The misconceptions and disinformation that have birthed and fueled America’s wars are well-documented, but the calamitous doctrine used is seldom examined. The United States’ reliance on counterinsurgency (COIN) is a failed policy seen firsthand by Col. Gian Gentile, a combat battalion commander in the Iraq War, and he has published a new book that aims to destroy the persistent myths of conflict. Wrong Turn: America’s Deadly Embrace of Counterinsurgency should be required reading for anyone who still has visions of a US “victory” emerging from the Middle East.
Michael Arria for Truthout: Let’s start by talking about the origins of COIN. When does the doctrine emerge, and why?
Counterinsurgency has been around for a long, long time. However, prior to the end of World War II it often was called other things, like guerilla war or small war. The Romans did a form of counterinsurgency in repressing rebellions in their empire, so too did Henry V as his army was harassed by angry French civilians in the days leading up to Agincourt. But modern counterinsurgency, especially being labeled formally as such, really emerged at the end of World War II with the decline of European empires and the rise of nationalist movements like in Vietnam. In fact, American counterinsurgency as codified in the Army’s Field Manual 3-24 made famous by Gen. [David] Petraeus and the Surge, is really nothing more than a rehash of the counterinsurgency doctrines developed by the Americans, British and French during the Cold War. It aims to defeat an insurgency in a foreign land by providing infrastructure, governance, security, local security forces and economic improvement to the host population. The idea behind American counterinsurgency is that once these are provided, the counterinsurgent force will then win the trust and allegiance of the local population, which then will allow for the separation of the people from the insurgents. This at least is the theory behind American COIN; unfortunately, in practice by a foreign occupying power, it simply does not work.
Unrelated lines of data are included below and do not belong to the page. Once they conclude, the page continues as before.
lemma ex_image_eq_if_card_le:
  assumes "finite A" "finite B" "card B \<le> card A" "B = {} \<Longrightarrow> A = {}"
  shows "\<exists>\<sigma>. \<sigma> ` A = B"
proof (cases "B = {}")
  case True
  then show ?thesis using assms(4) by simp
next
  case False
  then obtain b0 where b0: "b0 \<in> B" by blast
  obtain C where C: "C \<subseteq> A" "card C = card B"
    using obtain_subset_with_card_n[OF assms(3)] by metis
  then obtain h where h: "bij_betw h C B"
    using finite_same_card_bij assms(1,2) finite_subset by metis
  have "(\<lambda>x. if x \<in> C then h x else b0) ` A = B"
    using h b0 C(1) unfolding bij_betw_def by (auto simp: image_iff)
  then show ?thesis by blast
qed

lemma type_preserving_surjection:
  assumes "finite (verts E)" "finite (verts E')"
    and dominated: "\<forall>t. card (vertices_of_type E S g k t) \<le> card (vertices_of_type E' S' g' k t) \<and>
      (vertices_of_type E S g k t = {} \<longleftrightarrow> vertices_of_type E' S' g' k t = {})"
  obtains h where "\<And>v. v \<in> verts E' - S' \<Longrightarrow>
      h v \<in> verts E - S \<and> cover_type E g k (h v) = cover_type E' g' k v"
    and "verts E - S \<subseteq> h ` (verts E' - S')"
proof -
  have "\<exists>\<sigma>. \<sigma> ` vertices_of_type E' S' g' k t = vertices_of_type E S g k t" for t
  proof (rule ex_image_eq_if_card_le)
    show "finite (vertices_of_type E' S' g' k t)" "finite (vertices_of_type E S g k t)"
      using assms(1,2) by (simp_all add: vertices_of_type_def)
  qed (use dominated[THEN spec, of t] in auto)
  then obtain \<sigma> where \<sigma>: "\<And>t. \<sigma> t ` vertices_of_type E' S' g' k t = vertices_of_type E S g k t"
    by metis
  define h where "h v = \<sigma> (cover_type E' g' k v) v" for v
  have "h v \<in> verts E - S \<and> cover_type E g k (h v) = cover_type E' g' k v"
    if "v \<in> verts E' - S'" for v
  proof -
    have "v \<in> vertices_of_type E' S' g' k (cover_type E' g' k v)"
      using that by (simp add: vertices_of_type_def)
    then have "h v \<in> vertices_of_type E S g k (cover_type E' g' k v)"
      using \<sigma>[of "cover_type E' g' k v"] unfolding h_def by blast
    then show ?thesis by (simp add: vertices_of_type_def)
  qed
  moreover have "verts E - S \<subseteq> h ` (verts E' - S')"
  proof
    fix u assume "u \<in> verts E - S"
    then have "u \<in> \<sigma> (cover_type E g k u) ` vertices_of_type E' S' g' k (cover_type E g k u)"
      using \<sigma> by (simp add: vertices_of_type_def)
    then obtain v where "v \<in> verts E' - S'" "cover_type E' g' k v = cover_type E g k u"
        "u = \<sigma> (cover_type E g k u) v"
      by (auto simp: vertices_of_type_def)
    then show "u \<in> h ` (verts E' - S')" unfolding h_def by force
  qed
  ultimately show ?thesis using that by blast
qed

text \<open>The map is g \<circ> g'\<inverse> on the cover and type-preserving outside it.\<close>
lemma shi_le_if_types_dominated:
  assumes E: "finite_digraph E" "vertex_cover E S" "bij_betw g {..<k} S"
    and E': "finite_digraph E'" "vertex_cover E' S'" "bij_betw g' {..<k} S'"
    and same_cover: "\<forall>i<k. \<forall>j<k. (g i, g j) \<in> arcs E \<longleftrightarrow> (g' i, g' j) \<in> arcs E'"
    and dominated: "\<forall>t. card (vertices_of_type E S g k t) \<le> card (vertices_of_type E' S' g' k t) \<and>
      (vertices_of_type E S g k t = {} \<longleftrightarrow> vertices_of_type E' S' g' k t = {})"
  shows "shi_le E E'"
proof -
  obtain h where h_out: "\<And>v. v \<in> verts E' - S' \<Longrightarrow>
      h v \<in> verts E - S \<and> cover_type E g k (h v) = cover_type E' g' k v"
    and h_onto: "verts E - S \<subseteq> h ` (verts E' - S')"
    using type_preserving_surjection[OF _ _ dominated] E(1) E'(1)
    unfolding finite_digraph_def by blast
  define f where "f v = (if v \<in> S' then g (inv_into {..<k} g' v) else h v)" for v
  have f_g': "f (g' i) = g i" if "i < k" for i
    using E'(3) that by (auto simp: f_def bij_betw_def)
  have f_S': "f ` S' = S"
    using E(3) E'(3) f_g' unfolding bij_betw_def by (metis image_image image_cong lessThan_iff)
  have f_out: "f v \<in> verts E - S \<and> cover_type E g k (f v) = cover_type E' g' k v"
    if "v \<in> verts E' - S'" for v
    using h_out[OF that] that by (simp add: f_def)
  have onto_out: "verts E - S \<subseteq> f ` (verts E' - S')"
    using h_onto by (auto simp: f_def)
  have S: "S \<subseteq> verts E" and S': "S' \<subseteq> verts E'"
    using E(2) E'(2) unfolding vertex_cover_def by blast+
  have onto: "f ` verts E' = verts E"
    using f_S' f_out onto_out S S' by blast
  have in_S': "\<exists>i<k. x = g' i" if "x \<in> S'" for x
    using E'(3) that unfolding bij_betw_def by blast
  have agree: "(x, y) \<in> arcs E' \<longleftrightarrow> (f x, f y) \<in> arcs E"
    if xy: "x \<in> verts E'" "y \<in> verts E'" "x = y \<or> x \<in> S' \<or> y \<in> S'" for x y
  proof (cases "x \<in> S'"; cases "y \<in> S'")
    assume "x \<in> S'" "y \<in> S'"
    then obtain i j where "i < k" "j < k" "x = g' i" "y = g' j" using in_S' by blast
    then show ?thesis using f_g' same_cover by simp
  next
    assume "x \<in> S'" "y \<notin> S'"
    then obtain i where i: "i < k" "x = g' i" using in_S' by blast
    have "cover_type E g k (f y) = cover_type E' g' k y" using f_out xy \<open>y \<notin> S'\<close> by blast
    from cover_type_eqD(2)[OF this i(1)] show ?thesis using f_g' i by simp
  next
    assume "x \<notin> S'" "y \<in> S'"
    then obtain j where j: "j < k" "y = g' j" using in_S' by blast
    have "cover_type E g k (f x) = cover_type E' g' k x" using f_out xy \<open>x \<notin> S'\<close> by blast
    from cover_type_eqD(3)[OF this j(1)] show ?thesis using f_g' j by simp
  next
    assume "x \<notin> S'" "y \<notin> S'"
    then have "x = y" "cover_type E g k (f x) = cover_type E' g' k x" using f_out xy by blast+
    with cover_type_eqD(1)[OF this(2)] show ?thesis by simp
  qed
  show ?thesis
  proof (rule shi_le_via_vertex_covers[OF _ E'(2) _ onto agree])
    show "arcs E' \<subseteq> verts E' \<times> verts E'" using E'(1) by (simp add: finite_digraph_def)
    show "vertex_cover E (f ` S')" using E(2) f_S' by simp
  qed
qed

lemma Ramsey_pairs:
  fixes f :: "nat \<Rightarrow> nat \<Rightarrow> 'c"
  assumes "finite C" "\<And>x y. x < y \<Longrightarrow> f x y \<in> C"
  obtains Y c where "infinite Y" "\<And>x y. x \<in> Y \<Longrightarrow> y \<in> Y \<Longrightarrow> x < y \<Longrightarrow> f x y = c"
proof -
  obtain h where h: "bij_betw h C {0..<card C}" using ex_bij_betw_finite_nat[OF assms(1)] by blast
  define F where "F X = h (f (Min X) (Max X))" for X
  have F: "F {x, y} = h (f (min x y) (max x y))" for x y
    by (simp add: F_def)
  have "F {x, y} < card C" if "x \<noteq> y" for x y
    using that assms(2)[of "min x y" "max x y"] h unfolding F bij_betw_def by auto
  then obtain Y t where Y: "infinite Y" and hom: "\<forall>x\<in>Y. \<forall>y\<in>Y. x \<noteq> y \<longrightarrow> F {x, y} = t"
    using Ramsey2[OF infinite_UNIV_nat, of F "card C"] by blast
  obtain x0 y0 where x0y0: "x0 \<in> Y" "y0 \<in> Y" "x0 < y0"
    using Y by (metis infinite_nat_iff_unbounded not_finite_existsD)
  have "f x y = f x0 y0" if "x \<in> Y" "y \<in> Y" "x < y" for x y
  proof -
    have "h (f x y) = h (f x0 y0)"
      using hom[rule_format, of x y] hom[rule_format, of x0 y0] that x0y0 by (simp add: F)
    moreover have "f x y \<in> C" "f x0 y0 \<in> C" using assms(2) that x0y0 by blast+
    ultimately show ?thesis using h unfolding bij_betw_def by (meson inj_onD)
  qed
  then show ?thesis using that Y by blast
qed

text \<open>Dickson's lemma for finitely coloured sequences: on an infinite Ramsey-homogeneous set,
  a coordinate that fails to increase once decreases strictly forever.\<close>
lemma pointwise_le_pair:
  fixes c :: "nat \<Rightarrow> 'a \<Rightarrow> nat" and col :: "nat \<Rightarrow> 'b"
  assumes "finite U" "finite (range col)"
  obtains i j where "i < j" "col i = col j" "\<forall>t\<in>U. c i t \<le> c j t"
proof -
  have "finite (range col \<times> range col \<times> Pow U)" using assms by simp
  then obtain Y p where Y: "infinite Y"
    and hom: "\<And>x y. x \<in> Y \<Longrightarrow> y \<in> Y \<Longrightarrow> x < y \<Longrightarrow> (col x, col y, {t\<in>U. c x t \<le> c y t}) = p"
    using Ramsey_pairs[of _ "\<lambda>x y. (col x, col y, {t\<in>U. c x t \<le> c y t})"] by blast
  have above: "\<exists>y\<in>Y. x < y" for x
    using Y by (meson infinite_nat_iff_unbounded)
  then obtain x0 y0 where x0y0: "x0 \<in> Y" "y0 \<in> Y" "x0 < y0" by blast
  obtain z0 where "z0 \<in> Y" "y0 < z0" using above by blast
  then have "col x0 = col y0"
    using hom[OF x0y0] hom[of y0 z0] x0y0 by (metis fst_conv)
  show ?thesis
  proof (cases "\<forall>t\<in>U. c x0 t \<le> c y0 t")
    case True
    then show ?thesis using that x0y0 \<open>col x0 = col y0\<close> by blast
  next
    case False
    then obtain t where "t \<in> U" "\<not> c x0 t \<le> c y0 t" by blast
    then have t: "t \<notin> snd (snd p)" using hom[OF x0y0] by auto
    have decreasing: "c y t < c x t" if "x \<in> Y" "y \<in> Y" "x < y" for x y
      using hom[OF that] t \<open>t \<in> U\<close> by auto
    obtain x where "x \<in> Y" and least: "\<And>y. y \<in> Y \<Longrightarrow> c x t \<le> c y t"
      using ex_has_least_nat[of "\<lambda>x. x \<in> Y" x0 "\<lambda>x. c x t"] x0y0 by blast
    moreover obtain y where "y \<in> Y" "x < y" using above by blast
    ultimately show ?thesis using decreasing least by (meson not_le)
  qed
qed

definition cover_colour ::
    "dg \<Rightarrow> nat set \<Rightarrow> (nat \<Rightarrow> nat) \<Rightarrow> nat \<times> (nat \<times> nat) set \<times> (bool \<times> nat set \<times> nat set) set"
  where
  "cover_colour E S g =
     (card S, {(a, b). a < card S \<and> b < card S \<and> (g a, g b) \<in> arcs E},
      {t. vertices_of_type E S g (card S) t \<noteq> {}})"

lemma vertices_of_type_eq_empty:
  assumes "card S \<le> K" "t \<notin> UNIV \<times> Pow {..<K} \<times> Pow {..<K}"
  shows "vertices_of_type E S g (card S) t = {}"
  using cover_type_in_types[OF assms(1), of E g] assms(2) unfolding vertices_of_type_def by blast

lemma cover_colour_in:
  assumes "card S \<le> K"
  shows "cover_colour E S g \<in> {..K} \<times> Pow ({..<K} \<times> {..<K}) \<times> Pow (UNIV \<times> Pow {..<K} \<times> Pow {..<K})"
proof -
  have "{(a, b). a < card S \<and> b < card S \<and> (g a, g b) \<in> arcs E} \<subseteq> {..<K} \<times> {..<K}"
    using assms by auto
  moreover have "{t. vertices_of_type E S g (card S) t \<noteq> {}} \<subseteq> UNIV \<times> Pow {..<K} \<times> Pow {..<K}"
    using vertices_of_type_eq_empty[OF assms] by blast
  ultimately show ?thesis using assms unfolding cover_colour_def by simp
qed
lemma sink_equilibrium_mp_iff:
  "sink_equilibrium 2 mp_actions (mp_utility lam) \<sigma> \<longleftrightarrow> \<sigma> = mp_uniform"
proof
  assume "sink_equilibrium 2 mp_actions (mp_utility lam) \<sigma>"
  then have stat: "stationary 2 mp_actions (mp_utility lam) \<sigma>"
    and support: "{a \<in> joint 2 mp_actions. \<sigma> a > 0} = mp_cycle"
    by (simp_all add: sink_equilibrium_def sink_scc_mp_iff)
  from stat have off_joint: "\<And>a. a \<notin> joint 2 mp_actions \<Longrightarrow> \<sigma> a = 0"
    and nonneg: "\<And>a. a \<in> joint 2 mp_actions \<Longrightarrow> \<sigma> a \<ge> 0"
    and total: "(\<Sum>a\<in>joint 2 mp_actions. \<sigma> a) = 1"
    and balance: "\<And>a'. a' \<in> joint 2 mp_actions \<Longrightarrow>
      \<sigma> a' = (\<Sum>a\<in>joint 2 mp_actions. \<sigma> a * trans_prob 2 mp_actions (mp_utility lam) a a')"
    unfolding stationary_def by blast+
  have outside: "\<sigma> a = 0" if "a \<notin> mp_cycle" for a
    using that support off_joint nonneg[of a] by force
  have "\<sigma> (pair_action 0 0) = \<sigma> (pair_action 0 0) / 2 + \<sigma> (pair_action 1 0) / 2"
    "\<sigma> (pair_action 0 1) = \<sigma> (pair_action 0 0) / 2 + \<sigma> (pair_action 0 1) / 2"
    "\<sigma> (pair_action 1 1) = \<sigma> (pair_action 0 1) / 2 + \<sigma> (pair_action 1 1) / 2"
    using balance[of "pair_action 0 0"] balance[of "pair_action 0 1"] balance[of "pair_action 1 1"]
    by (simp_all add: joint_mp_actions_enum outside mp_cycle_def trans_prob_mp_cycle[unfolded One_nat_def])
  moreover have "\<sigma> (pair_action 0 0) + \<sigma> (pair_action 0 1) + \<sigma> (pair_action 1 0) + \<sigma> (pair_action 1 1) = 1"
    using total by (simp add: joint_mp_actions_enum outside mp_cycle_def)
  ultimately have "\<sigma> a = 1/4" if "a \<in> mp_cycle" for a
    using that unfolding mp_cycle_def by auto
  with outside show "\<sigma> = mp_uniform" by (auto simp: mp_uniform_def)
next
  assume "\<sigma> = mp_uniform"
  then show "sink_equilibrium 2 mp_actions (mp_utility lam) \<sigma>"
    by (simp add: sink_equilibrium_def mp_uniform_stationary support_mp_uniform sink_scc_mp_iff)
qed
In his dissertation, written in 1987, Petraeus wrote that, “The legacy is Vietnam is unlikely to soon recede as an important influence on America’s senior military.” A couple decades later, he is creating the COIN Center. What is the story behind many supposed “lessons of Vietnam” being discarded by the US military?
Many counterinsurgency experts have misinterpreted the Vietnam War. For example, Andrew Krepinevich, in his widely read book The Army and Vietnam, believes that the US lost the war in Vietnam because its army was stuck in a conventional-war mindset and couldn’t break free to a better way of fighting the war by focusing on pacification and winning hearts and minds. Poppycock; there was no better war to be had in Vietnam, and the reason the United States lost it was not because of a mindlessly stupid army that couldn’t figure out how to do COIN correctly combined with monster generals like William C. Westmoreland. No, the United States lost the war because it failed at strategy, and strategy should have discerned that the war was unwinnable based on a moral and material price the American people were willing to pay. But this fundamental truth about America’s loss in Vietnam was buried in the years after the war by a bevy of misinformed experts and soldiers who believed that the war could have been won if the Army had only fought it differently. Then Iraq rolled around 40 years later, and the choir of COIN experts started singing the same sad song again. The problem with these “lessons” is that they divert attention away from the underlying motives, policies and strategies of American intervention toward the mechanics – or tactics – of doing them.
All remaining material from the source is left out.